Diisopropylfluorophosphate (DFP), an organophosphorous pesticide, is a highly toxic compound that affects a variety of physiological processes. The toxicological effects of DFP are primarily mediated through its inhibition of acetylcholinesterases, which results in the accumulation of acetylcholine at neuronal junctions. A physiologically-based pharmacokinetic and pharmacodynamic (PBPK/PD) model was developed to investigate the effects of intramuscular administration of DFP on acetylcholinesterase (AChE) activity in human. The prediction by a mathematical model is essential since information on humans can scarcely be obtained experimentally. The PBPK/PD model was constructed based on the time course of AChE activity in venous blood following a single intramuscular administration of DFP (33
g DFP/kg bodyweight) to human. The model was parameterised by using reference physiological parameter values (organ volumes and blood flow rates) and partition coefficients, while pharmacodynamic parameters governing the degradation of AChE, and the regeneration and aging of inhibited AChE, were allometrically scaled from those used in a previously developed rat model. The synthesis rate constant for AChE, as well as the absorption rate constant and bioavailability corresponding to intramuscular administration were optimised by manual adjustment until the best visual fit of the simulations with the experimental data was observed.
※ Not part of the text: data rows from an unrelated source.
(* Let $\mathbf{Meas}$ be the category of measurable spaces and measurable maps, and $\mathcal{G}_{\le1}$ the subprobability Giry monad on it: $\mathcal{G}_{\le1}(X)$ is the set of subprobability measures $\phi\colon\Sigma_X\to[0,1]$ (countably additive, $\phi(\emptyset)=0$), with the least $\sigma$-algebra making all evaluations $\phi\mapsto\phi(M)$, $M\in\Sigma_X$, measurable. Let $\mathcal{K}\ell(\mathcal{G}_{\le1})$ be its Kleisli category: morphisms $X\to Y$ are measurable $f\colon X\to\mathcal{G}_{\le1}(Y)$, with composition $(g\odot f)(x)(N)=\int g(-)(N)\,\mathrm{d}f(x)$. Define $\square\colon\mathcal{K}\ell(\mathcal{G}_{\le1})\to\mathbf{PoSets}^{\mathrm{op}}$ by letting $\square(X)$ be the set of measurable functions $X\to[0,1]$ with the pointwise order, and for $f\colon X\to\mathcal{G}_{\le1}(Y)$ and measurable $q\colon Y\to[0,1]$, $\square(f)(q)(x)=\int q\,\mathrm{d}f(x)+(1-f(x)(Y))$. Then the forgetful functor $U\colon\int\square\to\mathcal{K}\ell(\mathcal{G}_{\le1})$ has a left adjoint $0$ with $0(X)=(X,\text{const }0)$ and a right adjoint $1$ with $1(X)=(X,\text{const }1)$; moreover there is a functor (comprehension) $\int\square\to\mathcal{K}\ell(\mathcal{G}_{\le1})$ with $(X,p)\mapsto\{x\in X\mid p(x)=1\}$ which is right adjoint to $1$, and a functor (quotient) with $(X,p)\mapsto X/p=\{x\in X\mid p(x)\neq1\}$ which is left adjoint to $0$, where these subsets carry the subspace $\sigma$-algebra.
   Context: For a functor $F\colon\mathcal{B}\to\mathbf{PoSets}^{\mathrm{op}}$, $\int F$ is the category with objects $(X,P)$, $P\in F(X)$, and morphisms $f\colon(X,P)\to(Y,Q)$ the morphisms $f\colon X\to Y$ of $\mathcal{B}$ with $P\le F(f)(Q)$; the forgetful functor sends $(X,P)\mapsto X$, $f\mapsto f$; $0$ and $1$ act as identity on morphisms. *)

theory Defs
  imports "HOL-Probability.Probability"
begin

text \<open>Subprobability measures on Y: measures with the sigma-algebra of Y and total mass at most 1.
  (Unlike the library's subprob_space, the null measure on an empty space is allowed.)\<close>
definition subprobs :: "'b measure \<Rightarrow> 'b measure set" where
  "subprobs Y = {M. sets M = sets Y \<and> emeasure M (space M) \<le> 1}"

definition giry_le1 :: "'b measure \<Rightarrow> 'b measure measure" where
  "giry_le1 Y = sigma (subprobs Y)
     {{M \<in> subprobs Y. measure M A \<in> B} | A B. A \<in> sets Y \<and> B \<in> sets (borel :: real measure)}"

definition kl_hom :: "'a measure \<Rightarrow> 'b measure \<Rightarrow> ('a \<Rightarrow> 'b measure) \<Rightarrow> bool" where
  "kl_hom X Y f \<longleftrightarrow> f \<in> X \<rightarrow>\<^sub>M giry_le1 Y"

definition kl_comp :: "'c measure \<Rightarrow> ('b \<Rightarrow> 'c measure) \<Rightarrow> ('a \<Rightarrow> 'b measure) \<Rightarrow> 'a \<Rightarrow> 'c measure" where
  "kl_comp Z g f = (\<lambda>x. measure_of (space Z) (sets Z) (\<lambda>N. \<integral>\<^sup>+ y. emeasure (g y) N \<partial>(f x)))"

definition kl_id :: "'a measure \<Rightarrow> 'a \<Rightarrow> 'a measure" where
  "kl_id X = return X"

definition kl_eq :: "'a measure \<Rightarrow> ('a \<Rightarrow> 'b measure) \<Rightarrow> ('a \<Rightarrow> 'b measure) \<Rightarrow> bool" where
  "kl_eq X f g \<longleftrightarrow> (\<forall>x\<in>space X. f x = g x)"

definition pred_on :: "'a measure \<Rightarrow> ('a \<Rightarrow> real) \<Rightarrow> bool" where
  "pred_on X p \<longleftrightarrow> p \<in> borel_measurable X \<and> (\<forall>x\<in>space X. 0 \<le> p x \<and> p x \<le> 1)"

definition box :: "'b measure \<Rightarrow> ('a \<Rightarrow> 'b measure) \<Rightarrow> ('b \<Rightarrow> real) \<Rightarrow> 'a \<Rightarrow> real" where
  "box Y f q = (\<lambda>x. (\<integral> y. q y \<partial>(f x)) + (1 - measure (f x) (space Y)))"

definition groth_hom :: "'a measure \<Rightarrow> ('a \<Rightarrow> real) \<Rightarrow> 'b measure \<Rightarrow> ('b \<Rightarrow> real)
    \<Rightarrow> ('a \<Rightarrow> 'b measure) \<Rightarrow> bool" where
  "groth_hom X p Y q f \<longleftrightarrow> kl_hom X Y f \<and> (\<forall>x\<in>space X. p x \<le> box Y f q x)"

definition cmpr :: "'a measure \<Rightarrow> ('a \<Rightarrow> real) \<Rightarrow> 'a measure" where
  "cmpr X p = restrict_space X {x \<in> space X. p x = 1}"

definition quot :: "'a measure \<Rightarrow> ('a \<Rightarrow> real) \<Rightarrow> 'a measure" where
  "quot X p = restrict_space X {x \<in> space X. p x \<noteq> 1}"

definition cmpr_counit :: "'a measure \<Rightarrow> ('a \<Rightarrow> real) \<Rightarrow> 'a \<Rightarrow> 'a measure" where
  "cmpr_counit X p = (\<lambda>x. return X x)"

definition quot_unit :: "'a measure \<Rightarrow> ('a \<Rightarrow> real) \<Rightarrow> 'a \<Rightarrow> 'a measure" where
  "quot_unit X p = (\<lambda>x. scale_measure (ennreal (1 - p x)) (return (quot X p) x))"

end

theory Submission
  imports Defs
begin

text \<open>Every Kleisli map is a morphism out of \<open>(X, 0)\<close> and into \<open>(Y, 1)\<close>, because
  \<open>\<box>(f)(q) \<ge> 0\<close> and \<open>\<box>(f)(1) = 1\<close>; hence \<open>0 \<turnstile> U \<turnstile> 1\<close> with identity units.
  A morphism \<open>g : (Y, 1) \<rightarrow> (X, p)\<close> satisfies \<open>\<integral> p dg(y) \<ge> g(y)(X)\<close>, so \<open>g(y)\<close> is
  concentrated on \<open>{p = 1}\<close> and factors uniquely through the comprehension by restriction.
  A morphism \<open>f : (X, p) \<rightarrow> (Y, 0)\<close> satisfies \<open>f(x)(Y) \<le> 1 - p(x)\<close>, so \<open>f(x) = 0\<close> where
  \<open>p = 1\<close>, and elsewhere \<open>f = (1 - p) \<cdot> (f / (1 - p))\<close>: it factors uniquely through the unit
  \<open>x \<mapsto> (1 - p(x)) \<cdot> \<delta>\<^sub>x\<close> of the quotient \<open>X/p\<close>.\<close>

section \<open>Kleisli maps into subprobability measures\<close>

lemma space_giry_le1 [simp]: "space (giry_le1 Y) = subprobs Y"
  unfolding giry_le1_def by (rule space_measure_of) auto

lemma sets_subprobs: "M \<in> subprobs Y \<Longrightarrow> sets M = sets Y"
  by (simp add: subprobs_def)

lemma space_subprobs: "M \<in> subprobs Y \<Longrightarrow> space M = space Y"
  using sets_eq_imp_space_eq sets_subprobs by blast

lemma finite_measure_subprobs: "M \<in> subprobs Y \<Longrightarrow> finite_measure M"
  by (rule finite_measureI) (auto simp: subprobs_def top_unique)

lemma measure_space_subprobs_le_1:
  assumes "M \<in> subprobs Y"
  shows "measure M (space Y) \<le> 1"
proof -
  interpret finite_measure M using finite_measure_subprobs[OF assms] .
  have "emeasure M (space M) \<le> 1" using assms by (simp add: subprobs_def)
  then show ?thesis by (simp add: emeasure_eq_measure space_subprobs[OF assms])
qed

lemma subprobs_eq_null_measure:
  assumes M: "M \<in> subprobs Y" and "measure M (space Y) = 0"
  shows "M = null_measure Y"
proof (rule measure_eqI)
  interpret finite_measure M using finite_measure_subprobs[OF M] .
  fix A assume "A \<in> sets M"
  then have "measure M A = 0"
    using assms bounded_measure[of A] measure_nonneg[of M A] by (simp add: space_subprobs[OF M])
  then show "emeasure M A = emeasure (null_measure Y) A" by (simp add: emeasure_eq_measure)
qed (simp add: sets_subprobs[OF M])

lemma kl_hom_subprobs: "kl_hom X Y f \<Longrightarrow> x \<in> space X \<Longrightarrow> f x \<in> subprobs Y"
  unfolding kl_hom_def by (metis measurable_space space_giry_le1)

lemma measurable_measure_giry_le1:
  assumes "A \<in> sets Y"
  shows "(\<lambda>M. measure M A) \<in> borel_measurable (giry_le1 Y)"
proof (rule measurableI)
  fix B :: "real set" assume "B \<in> sets borel"
  then have "{M \<in> subprobs Y. measure M A \<in> B} \<in> sets (giry_le1 Y)"
    unfolding giry_le1_def using assms by (subst sets_measure_of) (auto intro: sigma_sets.Basic)
  moreover have "(\<lambda>M. measure M A) -` B \<inter> space (giry_le1 Y) = {M \<in> subprobs Y. measure M A \<in> B}"
    by auto
  ultimately show "(\<lambda>M. measure M A) -` B \<inter> space (giry_le1 Y) \<in> sets (giry_le1 Y)" by simp
qed simp

lemma borel_measurable_kl_hom_measure:
  "kl_hom X Y f \<Longrightarrow> A \<in> sets Y \<Longrightarrow> (\<lambda>x. measure (f x) A) \<in> borel_measurable X"
  unfolding kl_hom_def using measurable_comp[OF _ measurable_measure_giry_le1] by (simp add: o_def)

lemma borel_measurable_kl_hom_emeasure:
  assumes "kl_hom X Y f" "A \<in> sets Y"
  shows "(\<lambda>x. emeasure (f x) A) \<in> borel_measurable X"
proof (rule measurable_cong[THEN iffD2])
  show "(\<lambda>x. ennreal (measure (f x) A)) \<in> borel_measurable X"
    using borel_measurable_kl_hom_measure[OF assms] by measurable
  show "emeasure (f x) A = ennreal (measure (f x) A)" if "x \<in> space X" for x
    using finite_measure_subprobs[OF kl_hom_subprobs[OF assms(1) that]]
    by (rule finite_measure.emeasure_eq_measure)
qed

lemma kl_homI:
  assumes "\<And>x. x \<in> space X \<Longrightarrow> f x \<in> subprobs Y"
    and "\<And>A. A \<in> sets Y \<Longrightarrow> (\<lambda>x. measure (f x) A) \<in> borel_measurable X"
  shows "kl_hom X Y f"
  unfolding kl_hom_def giry_le1_def
proof (rule measurable_measure_of)
  fix S assume "S \<in> {{M \<in> subprobs Y. measure M A \<in> B} | A B. A \<in> sets Y \<and> B \<in> sets (borel :: real measure)}"
  then obtain A B where "S = {M \<in> subprobs Y. measure M A \<in> B}" "A \<in> sets Y" "B \<in> sets (borel :: real measure)"
    by blast
  moreover have "f -` S \<inter> space X = (\<lambda>x. measure (f x) A) -` B \<inter> space X"
    using assms(1) calculation(1) by auto
  ultimately show "f -` S \<inter> space X \<in> sets X" using measurable_sets[OF assms(2)] by simp
qed (use assms(1) in auto)

lemma kl_hom_return:
  assumes "sets R \<subseteq> sets X"
  shows "kl_hom X R (return R)"
proof (rule kl_homI)
  show "return R x \<in> subprobs R" for x
    by (simp add: subprobs_def indicator_def)
  show "(\<lambda>x. measure (return R x) A) \<in> borel_measurable X" if "A \<in> sets R" for A
  proof -
    have "A \<in> sets X" using that assms by blast
    then show ?thesis using that by (simp add: measure_return cong: measurable_cong)
  qed
qed

lemma kl_hom_kl_id: "kl_hom X X (kl_id X)"
  unfolding kl_id_def by (simp add: kl_hom_return)

text \<open>\<^const>\<open>kl_comp\<close> is introduced by \<^const>\<open>measure_of\<close>, so it is computed by exhibiting a
  measure with the prescribed values; this avoids proving countable additivity of the integral.\<close>

lemma kl_comp_eqI:
  assumes "sets M = sets Z"
    and "\<And>N. N \<in> sets Z \<Longrightarrow> (\<integral>\<^sup>+ y. emeasure (g y) N \<partial>f x) = emeasure M N"
  shows "kl_comp Z g f x = M"
proof -
  have "kl_comp Z g f x = measure_of (space M) (sets M) (emeasure M)"
    unfolding kl_comp_def sets_eq_imp_space_eq[OF assms(1)] assms(1)
    by (rule measure_of_eq[OF sets.space_closed]) (simp add: sets.sigma_sets_eq assms(2))
  then show ?thesis by (simp add: measure_of_of_measure)
qed

lemma kl_comp_kl_id_right:
  assumes "kl_hom X Y g" "x \<in> space X"
  shows "kl_comp Y g (kl_id X) x = g x"
  unfolding kl_id_def
proof (rule kl_comp_eqI)
  show "sets (g x) = sets Y" using sets_subprobs[OF kl_hom_subprobs[OF assms]] .
  show "(\<integral>\<^sup>+ y. emeasure (g y) N \<partial>return X x) = emeasure (g x) N" if "N \<in> sets Y" for N
    using nn_integral_return[OF assms(2) borel_measurable_kl_hom_emeasure[OF assms(1) that]] .
qed

lemma kl_comp_kl_id_left_distr:
  assumes "(\<lambda>z. z) \<in> measurable (h x) Z"
  shows "kl_comp Z (kl_id Z) h x = distr (h x) Z (\<lambda>z. z)"
proof (rule kl_comp_eqI)
  fix N assume N: "N \<in> sets Z"
  have "(\<integral>\<^sup>+ z. emeasure (return Z z) N \<partial>h x) = (\<integral>\<^sup>+ z. indicator (N \<inter> space (h x)) z \<partial>h x)"
    using N by (intro nn_integral_cong) (simp split: split_indicator)
  also have "\<dots> = emeasure (distr (h x) Z (\<lambda>z. z)) N"
    using N measurable_sets[OF assms N] by (simp add: emeasure_distr[OF assms N] Int_commute)
  finally show "(\<integral>\<^sup>+ z. emeasure (kl_id Z z) N \<partial>h x) = emeasure (distr (h x) Z (\<lambda>z. z)) N"
    by (simp add: kl_id_def)
qed simp

lemma kl_comp_kl_id_left:
  assumes "kl_hom X Y g" "x \<in> space X"
  shows "kl_comp Y (kl_id Y) g x = g x"
proof -
  have "sets (g x) = sets Y" using sets_subprobs[OF kl_hom_subprobs[OF assms]] .
  then show ?thesis
    by (simp add: kl_comp_kl_id_left_distr measurable_ident_sets distr_id2)
qed

lemma pred_on_const: "0 \<le> c \<Longrightarrow> c \<le> 1 \<Longrightarrow> pred_on X (\<lambda>_. c)"
  by (simp add: pred_on_def)

lemma sets_pred_eq_1:
  assumes "pred_on X p"
  shows "{x \<in> space X. p x = 1} \<in> sets X" and "{x \<in> space X. p x \<noteq> 1} \<in> sets X"
proof -
  have [measurable]: "p \<in> borel_measurable X" using assms by (simp add: pred_on_def)
  show "{x \<in> space X. p x = 1} \<in> sets X" "{x \<in> space X. p x \<noteq> 1} \<in> sets X"
    by measurable
qed

lemma box_nonneg:
  assumes "pred_on Y q" "kl_hom X Y f" "x \<in> space X"
  shows "0 \<le> box Y f q x"
proof -
  have fx: "f x \<in> subprobs Y" using kl_hom_subprobs[OF assms(2,3)] .
  have "0 \<le> (\<integral>y. q y \<partial>f x)"
    using assms(1) by (intro integral_nonneg_AE AE_I2) (simp add: pred_on_def space_subprobs[OF fx])
  then show ?thesis using measure_space_subprobs_le_1[OF fx] by (simp add: box_def)
qed

lemma box_const_1:
  assumes "kl_hom X Y f" "x \<in> space X"
  shows "box Y f (\<lambda>_. 1) x = 1"
  using space_subprobs[OF kl_hom_subprobs[OF assms]] by (simp add: box_def)
(* Consider an $\mathsf n$-qubit system in which CNOT (and SWAP) gates can be applied only to pairs of qubits forming edges of a given connected undirected simple graph on the qubits. Then for any non-identity $\mathsf n$-qubit Pauli operator $P$ and any $\theta\in\mathbb R$, the unitary $e^{\mathrm i\frac\theta2P}$ can be implemented using one single-qubit rotation $e^{\mathrm i\frac\theta2\sigma^x}$, at most $2\mathsf n$ single-qubit Hadamard and Phase gates, and at most $2\mathsf n-2$ CNOT and SWAP gates (each on an edge of the graph).
   Context: A non-identity $\mathsf n$-qubit Pauli operator is a tensor product of $\mathbf 1_2,\sigma^x,\sigma^y,\sigma^z$ other than the identity. *)

theory Defs
  imports Complex_Main "Jordan_Normal_Form.Matrix"
begin

definition mat_exp :: "complex mat \<Rightarrow> complex mat" where
  "mat_exp A = mat (dim_row A) (dim_col A)
      (\<lambda>(i,j). \<Sum>k. (A ^\<^sub>m k) $$ (i,j) / of_nat (fact k))"

datatype pauli = PI | PX | PY | PZ

fun pauli_entry :: "pauli \<Rightarrow> nat \<Rightarrow> nat \<Rightarrow> complex" where
  "pauli_entry PI i j = (if i = j then 1 else 0)"
| "pauli_entry PX i j = (if i \<noteq> j then 1 else 0)"
| "pauli_entry PY i j = (if i = 0 \<and> j = 1 then - \<i> else if i = 1 \<and> j = 0 then \<i> else 0)"
| "pauli_entry PZ i j = (if i = j then (if i = 0 then 1 else -1) else 0)"

definition pauli1 :: "pauli \<Rightarrow> complex mat" where
  "pauli1 s = mat 2 2 (\<lambda>(i,j). pauli_entry s i j)"

(* bit i of basis index a: computational basis state |b_0 ... b_{n-1}> has index sum b_i 2^i *)
definition bit :: "nat \<Rightarrow> nat \<Rightarrow> nat" where
  "bit a i = a div 2 ^ i mod 2"

definition pauli_mat :: "pauli list \<Rightarrow> complex mat" where
  "pauli_mat ps = mat (2 ^ length ps) (2 ^ length ps)
     (\<lambda>(a,b). \<Prod>i<length ps. pauli_entry (ps ! i) (bit a i) (bit b i))"

definition non_identity_pauli :: "pauli list \<Rightarrow> bool" where
  "non_identity_pauli ps \<longleftrightarrow> (\<exists>i<length ps. ps ! i \<noteq> PI)"

definition embed1 :: "nat \<Rightarrow> nat \<Rightarrow> complex mat \<Rightarrow> complex mat" where
  "embed1 n q U = mat (2 ^ n) (2 ^ n)
     (\<lambda>(a,b). if (\<forall>i<n. i \<noteq> q \<longrightarrow> bit a i = bit b i) then U $$ (bit a q, bit b q) else 0)"

definition perm_mat :: "nat \<Rightarrow> ((nat \<Rightarrow> nat) \<Rightarrow> nat \<Rightarrow> nat) \<Rightarrow> complex mat" where
  "perm_mat n f = mat (2 ^ n) (2 ^ n)
     (\<lambda>(a,b). if (\<forall>i<n. bit a i = f (bit b) i) then 1 else 0)"

definition hadamard :: "complex mat" where
  "hadamard = mat 2 2 (\<lambda>(i,j). if i = 1 \<and> j = 1 then - 1 / sqrt 2 else 1 / sqrt 2)"

definition phase_S :: "complex mat" where
  "phase_S = mat 2 2 (\<lambda>(i,j). if i = j then (if i = 0 then 1 else \<i>) else 0)"

definition phase_Sdg :: "complex mat" where
  "phase_Sdg = mat 2 2 (\<lambda>(i,j). if i = j then (if i = 0 then 1 else - \<i>) else 0)"

definition rot_x :: "real \<Rightarrow> complex mat" where
  "rot_x \<theta> = mat_exp ((\<i> * complex_of_real (\<theta> / 2)) \<cdot>\<^sub>m pauli1 PX)"

datatype gate =
    Rx real nat
  | H nat
  | S nat
  | Sdg nat
  | CNOT nat nat     (* control, target *)
  | SWAP nat nat

fun gate_mat :: "nat \<Rightarrow> gate \<Rightarrow> complex mat" where
  "gate_mat n (Rx \<theta> q) = embed1 n q (rot_x \<theta>)"
| "gate_mat n (H q) = embed1 n q hadamard"
| "gate_mat n (S q) = embed1 n q phase_S"
| "gate_mat n (Sdg q) = embed1 n q phase_Sdg"
| "gate_mat n (CNOT c t) =
     perm_mat n (\<lambda>x i. if i = t then (x t + x c) mod 2 else x i)"
| "gate_mat n (SWAP c t) =
     perm_mat n (\<lambda>x i. x (if i = c then t else if i = t then c else i))"

(* circuit [g1,...,gk] applies g1 first: unitary gk * ... * g1 *)
fun circ_mat :: "nat \<Rightarrow> gate list \<Rightarrow> complex mat" where
  "circ_mat n [] = 1\<^sub>m (2 ^ n)"
| "circ_mat n (g # gs) = circ_mat n gs * gate_mat n g"

fun is_Rx :: "gate \<Rightarrow> bool" where
  "is_Rx (Rx _ _) = True" | "is_Rx _ = False"

fun is_HS :: "gate \<Rightarrow> bool" where
  "is_HS (H _) = True" | "is_HS (S _) = True" | "is_HS (Sdg _) = True" | "is_HS _ = False"

fun is_2q :: "gate \<Rightarrow> bool" where
  "is_2q (CNOT _ _) = True" | "is_2q (SWAP _ _) = True" | "is_2q _ = False"

fun gate_ok :: "nat \<Rightarrow> (nat \<Rightarrow> nat \<Rightarrow> bool) \<Rightarrow> gate \<Rightarrow> bool" where
  "gate_ok n E (Rx _ q) = (q < n)"
| "gate_ok n E (H q) = (q < n)"
| "gate_ok n E (S q) = (q < n)"
| "gate_ok n E (Sdg q) = (q < n)"
| "gate_ok n E (CNOT c t) = (c < n \<and> t < n \<and> E c t)"
| "gate_ok n E (SWAP c t) = (c < n \<and> t < n \<and> E c t)"

definition connected_simple_graph :: "nat \<Rightarrow> (nat \<Rightarrow> nat \<Rightarrow> bool) \<Rightarrow> bool" where
  "connected_simple_graph n E \<longleftrightarrow>
     (\<forall>x y. E x y \<longrightarrow> x < n \<and> y < n) \<and>
     (\<forall>x y. E x y \<longrightarrow> E y x) \<and> (\<forall>x. \<not> E x x) \<and>
     (\<forall>x<n. \<forall>y<n. E\<^sup>*\<^sup>* x y)"

end

theory Submission
  imports Defs
begin

(* Conjugation by a circuit U of Clifford gates commutes with the exponential, and for an
   involution A one has exp (c A) = cosh c + sinh c A.  So it suffices to find U, built from at
   most n Hadamard/phase gates and n - 1 CNOT/SWAP gates on edges, with U^-1 X_r U = P for a
   single-qubit X_r; the circuit U, Rx, U^-1 then uses every count twice.
   On each qubit, H or S^-1 turns sigma^z or sigma^y into sigma^x, so P becomes the X-string X_T
   on its support T.  Order the vertices so that each has an earlier neighbour, and remove the
   last vertex v of T by induction: with an earlier neighbour u, conjugation by CNOT u v maps
   X_(T - {v}) to X_T if u is in T, and conjugation by SWAP u v maps X_(T - {v} + {u}) to X_T
   otherwise.  The first vertex r is left, at the cost of one gate per further vertex. *)

lemma bit_less_2: "Defs.bit a i < 2"
  by (simp add: Defs.bit_def)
The PBPK/PD model was next verified by simulating the recovery of AChE activity in venous blood in vivo after multiple intramuscular doses (20
g DFP/kg bodyweight every 24 hours for 50 days) and comparing the simulated results with the experimental data. Results showed a close fit of simulated AChE inhibition dynamics in venous blood to experimental data. The development and further refinement of a human PBPK/PD model for organophosphate- induced toxicity could potentially translate to improved accuracy of human health risk assessment, as well as evaluation of prophylaxis protocols.